1985年から1990年代にかけて再び大幅な増加が見られ、1975年の600,000頭から1990年の2,092,400頭と急成長を遂げました。この増加期は、国際機関や政府の支援に基づく家畜管理体制の向上や、野生動物と家畜の競合の調整に向けた政策が功を奏したと考えられます。しかし2000年代以降になると、ヤギ人口は減少傾向に入り、特に2010年代後半から2022年までは急速に減少しています。

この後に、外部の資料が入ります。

lemma defect_sums_tendsto:
  fixes p :: real and l :: nat and \<theta> :: "nat \<Rightarrow> real"
  assumes l: "l > 0" and p: "0 < p" "p < 1" and \<theta>: "\<And>k. 0 \<le> \<theta> k" "\<And>k. \<theta> k < 1"
  defines "y \<equiv> \<lambda>k i. (\<theta> k + (1 - p) * real i) / (p * (real k * real k * real l - real i))"
  shows "eventually (\<lambda>k. \<forall>i<k * l. 0 \<le> y k i \<and> y k i \<le> 1/2) sequentially"
    and "(\<lambda>k. \<Sum>i<k * l. y k i) \<longlonglongrightarrow> (1 - p) * real l / (2 * p)"
    and "(\<lambda>k. \<Sum>i<k * l. (y k i)\<^sup>2) \<longlonglongrightarrow> 0"
proof -
  define N where "N k = real k * real k * real l" for k :: nat
  define V where "V k = (1 + (1 - p) * real (k * l)) / (p * (N k - real (k * l)))" for k
  define c where "c = (1 - p) * real l / (2 * p)"
  have "eventually (\<lambda>k. real (k * l) < N k) sequentially"
    using eventually_ge_at_top[of 2]
    by eventually_elim (use l in \<open>simp add: N_def\<close>)
  then have bounds: "eventually (\<lambda>k. \<forall>i<k * l. 0 \<le> y k i \<and>
      (1 - p) / (p * N k) * real i \<le> y k i \<and>
      y k i \<le> 1 / (p * (N k - real (k * l))) + (1 - p) / (p * (N k - real (k * l))) * real i \<and>
      y k i \<le> V k) sequentially"
  proof eventually_elim
    case (elim k)
    have "0 \<le> y k i" if "i < k * l" for i
    proof -
      from that have "real i < real (k * l)" by (simp only: of_nat_less_iff)
      with p \<theta>[of k] elim show ?thesis
        unfolding y_def N_def by (intro divide_nonneg_pos) auto
    qed
    with defect_bounds[OF p \<theta>(1)[of k] \<theta>(2)[of k] elim] show ?case
      by (simp add: y_def V_def N_def)
  qed
  have "V \<longlonglongrightarrow> 0"
    unfolding V_def N_def using l p by real_asymp
  then have "eventually (\<lambda>k. V k < 1/2) sequentially"
    by (rule order_tendstoD) simp
  with bounds show "eventually (\<lambda>k. \<forall>i<k * l. 0 \<le> y k i \<and> y k i \<le> 1/2) sequentially"
    by eventually_elim force
  define lo where "lo k i = (1 - p) / (p * N k) * real i" for k i :: nat
  define up where
    "up k i = 1 / (p * (N k - real (k * l))) + (1 - p) / (p * (N k - real (k * l))) * real i"
    for k i :: nat
  have lin_bounds: "eventually (\<lambda>k. (\<Sum>i<k * l. lo k i) \<le> (\<Sum>i<k * l. y k i)
      \<and> (\<Sum>i<k * l. y k i) \<le> (\<Sum>i<k * l. up k i)) sequentially"
    using bounds by eventually_elim (auto simp: lo_def up_def intro!: sum_mono)
  have "(\<lambda>k. \<Sum>i<k * l. lo k i) \<longlonglongrightarrow> c"
    unfolding lo_def sum_distrib_left[symmetric] sum_of_nat_lessThan N_def c_def
    using l p by (real_asymp simp: field_simps)
  moreover have "(\<lambda>k. \<Sum>i<k * l. up k i) \<longlonglongrightarrow> c"
    unfolding up_def sum.distrib sum_distrib_left[symmetric] sum_of_nat_lessThan sum_constant
      card_lessThan N_def c_def
    using l p by (real_asymp simp: field_simps)
  ultimately show "(\<lambda>k. \<Sum>i<k * l. y k i) \<longlonglongrightarrow> c"
    using lin_bounds by (auto intro: tendsto_sandwich elim: eventually_mono)
  have quad_bounds: "eventually (\<lambda>k. 0 \<le> (\<Sum>i<k * l. (y k i)\<^sup>2)
      \<and> (\<Sum>i<k * l. (y k i)\<^sup>2) \<le> (\<Sum>i<k * l. (V k)\<^sup>2)) sequentially"
    using bounds by eventually_elim (intro conjI sum_nonneg sum_mono power_mono; simp)
  have "(\<lambda>k. \<Sum>i<k * l. (V k)\<^sup>2) \<longlonglongrightarrow> 0"
    unfolding sum_constant card_lessThan V_def N_def using l p by real_asymp
  then show "(\<lambda>k. \<Sum>i<k * l. (y k i)\<^sup>2) \<longlonglongrightarrow> 0"
    using quad_bounds by (auto intro: tendsto_sandwich[OF _ _ tendsto_const] elim: eventually_mono)
qed

lemma prod_num_arcs_tendsto:
  fixes p :: real and l :: nat
  assumes l: "l > 0" and p: "0 < p" "p < 1"
  shows "(\<lambda>k. \<Prod>i<k * l. (real (num_arcs p k l) - real i) / (p * (real (k * k * l) - real i)))
         \<longlonglongrightarrow> exp (real l / 2 * (1 - 1 / p))"
proof -
  define N where "N k = real k * real k * real l" for k :: nat
  define \<theta> where "\<theta> k = p * N k - of_int \<lfloor>p * N k\<rfloor>" for k
  define y where "y k i = (\<theta> k + (1 - p) * real i) / (p * (N k - real i))" for k i :: nat
  have \<theta>: "0 \<le> \<theta> k" "\<theta> k < 1" for k
    unfolding \<theta>_def by linarith+
  have "(real (num_arcs p k l) - real i) / (p * (real (k * k * l) - real i)) = 1 - y k i"
    if "i < k * l" for k i
  proof -
    have "real (num_arcs p k l) = p * N k - \<theta> k"
      using p by (simp add: num_arcs_def \<theta>_def N_def power2_eq_square)
    moreover have "i < k * k * l"
      using that le_square mult_le_mono1 dual_order.strict_trans1 by meson
    then have "real i < N k"
      unfolding N_def by (simp flip: of_nat_mult)
    ultimately show ?thesis
      using p by (simp add: y_def N_def field_simps)
  qed
  then have "(\<lambda>k. \<Prod>i<k * l. (real (num_arcs p k l) - real i) / (p * (real (k * k * l) - real i)))
      = (\<lambda>k. \<Prod>i<k * l. 1 - y k i)"
    by (intro ext prod.cong) (simp_all only: lessThan_iff)
  moreover have "(\<lambda>k. \<Prod>i<k * l. 1 - y k i) \<longlonglongrightarrow> exp (- ((1 - p) * real l / (2 * p)))"
  proof (rule tendsto_prod_one_minus)
    from defect_sums_tendsto[of l p \<theta>, OF l p \<theta>(1) \<theta>(2)]
    show "eventually (\<lambda>k. \<forall>i<k * l. 0 \<le> y k i \<and> y k i \<le> 1/2) sequentially"
      and "(\<lambda>k. \<Sum>i<k * l. y k i) \<longlonglongrightarrow> (1 - p) * real l / (2 * p)"
      and "(\<lambda>k. \<Sum>i<k * l. (y k i)\<^sup>2) \<longlonglongrightarrow> 0"
      by (simp_all only: y_def N_def)
  qed
  moreover have "- ((1 - p) * real l / (2 * p)) = real l / 2 * (1 - 1 / p)"
    using p by (simp add: field_simps)
  ultimately show ?thesis
    by (simp only:)
qed

lemma eventually_num_arcs_bounds:
  assumes "0 < p" "p < 1"
  shows "eventually (\<lambda>k. k * l \<le> num_arcs p k l \<and> num_arcs p k l \<le> k * k * l) sequentially"
  using eventually_ge_at_top[of "nat \<lceil>1 / p\<rceil>"]
proof eventually_elim
  case (elim k)
  then have "1 \<le> p * real k"
    using assms by (simp add: field_simps nat_le_iff ceiling_le_iff)
  then have "real (k * l) \<le> p * real (k\<^sup>2 * l)"
    using mult_right_mono[of 1 "p * real k" "real (k * l)"]
    by (simp add: power2_eq_square algebra_simps)
  moreover have "p * real (k\<^sup>2 * l) \<le> real (k\<^sup>2 * l)"
    using assms by (simp add: mult_left_le_one_le)
  ultimately show ?case
    by (simp add: num_arcs_def le_nat_floor nat_le_iff floor_le_iff power2_eq_square
        le_floor_iff flip: of_nat_mult)
qed

lemma eventually_expected_derangements_num_arcs:
  assumes "l \<ge> 2" "0 < p" "p < 1"
  shows "eventually (\<lambda>k. expected_derangements k l (num_arcs p k l) = fact k ^ l * p ^ (k * l) *
    (\<Prod>i<k * l. (real (num_arcs p k l) - real i) / (p * (real (k * k * l) - real i)))) sequentially"
  using eventually_num_arcs_bounds[OF assms(2,3), of l]
proof eventually_elim
  case (elim k)
  have "expected_derangements k l (num_arcs p k l)
      = fact k ^ l * (\<Prod>i<k * l. (real (num_arcs p k l) - real i) / (real (k * k * l) - real i))"
    using elim assms(1) by (simp add: expected_derangements_eq_prod)
  also have "\<dots> = fact k ^ l * (\<Prod>i<k * l.
      p * ((real (num_arcs p k l) - real i) / (p * (real (k * k * l) - real i))))"
    using assms(2) by simp
  finally show ?case
    by (simp only: prod.distrib prod_constant card_lessThan mult.assoc)
qed

theorem mainTheorem5:
  fixes l :: nat and p :: real
  assumes "l \<ge> 2" and "0 < p" and "p < 1"
  shows "(\<lambda>k. expected_derangements k l (num_arcs p k l)) \<sim>[at_top]
         (\<lambda>k. (fact k) ^ l * p ^ (k * l) * exp (real l / 2 * (1 - 1 / p)))"
proof (rule asymp_equivI')
  define c where "c = exp (real l / 2 * (1 - 1 / p))"
  define P where "P k = (\<Prod>i<k * l. (real (num_arcs p k l) - real i) / (p * (real (k * k * l) - real i)))"
    for k
  have "(\<lambda>k. P k / c) \<longlonglongrightarrow> c / c"
    using prod_num_arcs_tendsto[of l p] assms unfolding P_def c_def
    by (intro tendsto_divide tendsto_const) auto
  moreover have "eventually (\<lambda>k. P k / c
      = expected_derangements k l (num_arcs p k l) / (fact k ^ l * p ^ (k * l) * c)) sequentially"
    using eventually_expected_derangements_num_arcs[OF assms]
    by eventually_elim (use assms(2) in \<open>simp add: P_def c_def\<close>)
  ultimately show "(\<lambda>k. expected_derangements k l (num_arcs p k l) /
      (fact k ^ l * p ^ (k * l) * exp (real l / 2 * (1 - 1 / p)))) \<longlonglongrightarrow> 1"
    unfolding c_def by (auto dest: Lim_transform_eventually)
qed

end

この減少の背景には、いくつかの要因が考えられます。第一に、気候変動の影響で干ばつが発生し、ヤギの主食となる草や水の供給が不足していることが挙げられます。また、家畜病の流行による損害がこの動向に寄与しているとみられます。家畜感染症制御システムが強化されていない地域では、疫病による損害が飼養頭数の減少に直結しています。さらには、都市部への人口移動が進む一方で、農村地域での農業従事者が減少しヤギの長期的な管理が困難となっている側面も指摘できます。

この状況を打開するためには、いくつかの対策が必要とされます。気候変動の影響に対処するため、ボツワナ国内での水管理や牧草地の整備は急務です。また、家畜病に対する包括的かつ予防的な医療インフラの整備を推進することが重要です。さらに、農村経済をサポートする政策として、農業と観光産業の融合、いわゆる「アグリツーリズム」の促進などが考えられます。こうした政策は農村地域の経済活性化と伝統的なヤギ飼育の維持を両立できる可能性があります。

また、国際的な協力を通じて、家畜管理技術の移転や支援を進めることも必要です。たとえば、ドイツやアメリカのように畜産業が発展している国々からの技術支援を受けることで、効率的な飼養方法や病気管理のノウハウを導入することが可能です。

結論として、ボツワナのヤギ飼養には多くの強みがある一方、気候の不安定や農業経済の変化といった課題に適切に対応していく必要があります。政府や国際社会の支援を得ながら、持続可能な農業体制を構築し、地方経済の安定と食糧安全保障を確立する取り組みが求められています。